A key finding was the identification of four genes upregulated in microsatellite stable, but not microsatellite unstable, tumors. The expression of these genes, dubbed the “Immune Exclusion Signature,” impacts the tumor microenvironment in a way that prevents cytotoxic CD8+ T cells from reaching their target.

Three of the genes encode proteins that are secreted from cancer cells and are markedly enriched in extracellular vesicles called exosomes and nanoparticles released from cells called supermeres.

Discovered by Coffey’s lab in 2021, supermeres contain enzymes, proteins, and RNA that are associated with multiple cancers and other diseases. As biomarkers, cancer-associated supermeres could improve diagnosis and therapy.

A clinical trial currently underway at VUMC is testing whether an antibody against one of the gene products, DDR1, will overcome “immune exclusion,” and open the door to the anti-tumor effects of cytotoxic CD8+ T cells and immunotherapy.

“Given the fact that three of these proteins are secreted by cancer cells and can be measured in the plasma, there may be biomarkers at hand,” Coffey said, “and even more importantly, there are agents available that can block them.”

Lau has been working on the cartography of colorectal cancer since he was recruited to Vanderbilt by Coffey in 2013. “It’s been a wonderful partnership,” Lau said.

Cody Heiser, a graduate student in Lau’s lab, is first author of the Cell paper.

Other Vanderbilt University coauthors are Alan Simmons, Eliot McKinley, PhD, Jiawei Wang, Harsimran Kaur, Justin Shao, Naila Tasneem, Zhengyi Chen, William Kim, Andrea Rolong, PhD, Paige Vega, and Nabil Saleh.
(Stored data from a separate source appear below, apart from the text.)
text \<open>All positive powers of x have the range of x, so a repetition x^i = x^j among the finitely
  many powers makes x^(j-i) the identity on range x.\<close>
lemma funpow_fixes_range:
  assumes x: "x \<in> S" obtains k where "\<forall>a\<in>range x. (x ^^ Suc k) a = a"
proof -
  have "\<not> inj (\<lambda>n::nat. x ^^ n)"
    using finite_UNIV infinite_UNIV_nat finite_imageD finite_subset subset_UNIV by metis
  then obtain i j where ij: "i < j" "x ^^ i = x ^^ j"
    unfolding inj_def by (metis linorder_neqE_nat)
  have "\<forall>a\<in>range x. (x ^^ Suc (j - i - 1)) a = a"
  proof
    fix a assume "a \<in> range x"
    then obtain b where b: "a = (x ^^ i) (x b)"
      using range_funpow_Suc[OF x, of i] by (metis comp_apply funpow_Suc_right rangeE)
    have "x ^^ Suc (j - i - 1) \<circ> x ^^ i = x ^^ j"
      using funpow_add[of "Suc (j - i - 1)" i x] ij(1) by simp
    hence "(x ^^ Suc (j - i - 1)) a = (x ^^ j) (x b)"
      using b by (metis comp_apply)
    also have "\<dots> = a" using ij b by simp
    finally show "(x ^^ Suc (j - i - 1)) a = a" .
  qed
  thus thesis by (rule that)
qed

lemma funpow_comp_same_range:
  assumes "\<forall>a\<in>range x. (x ^^ k) a = a" "range y = range x" shows "x ^^ k \<circ> y = y"
proof
  fix a
  have "y a \<in> range x" using assms(2) by (metis rangeI)
  thus "(x ^^ k \<circ> y) a = y a" using assms(1) by (simp only: comp_apply)
qed

lemma comp_funpow_same_kernel:
  assumes "\<forall>a\<in>range x. (x ^^ k) a = a" "same_kernel y x" shows "y \<circ> x ^^ k = y"
proof
  fix a
  have "x ((x ^^ k) a) = x a" using assms(1) by (simp add: funpow_swap1)
  thus "(y \<circ> x ^^ k) a = y a" using assms(2) unfolding same_kernel_def by simp
qed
Other VUMC coauthors are Frank Revetta, Marisol Ramirez-Solano, Gregory Ayers, Yu Wang, PhD, Sarah Glass, Nicholas Markham, MD, PhD, Simon Vandekar, PhD, Angela Jones, M. Kay Washington, MD, PhD, Joseph Roland, PhD, Qi Liu, PhD, and Martha Shrubsole, PhD.

This study was supported in part by National Institutes of Health grants U2CCA233291 (Human Tumor Atlas Network), U54CA274367 (Translational and Basic Science Research in Early Lesions), R35CA197570, P50CA236733, P01CA229123, R01DK103831, K07CA122451, F31DK127687, and P30CA068485, and by the Nicholas Tierney GI Cancer Memorial Fund.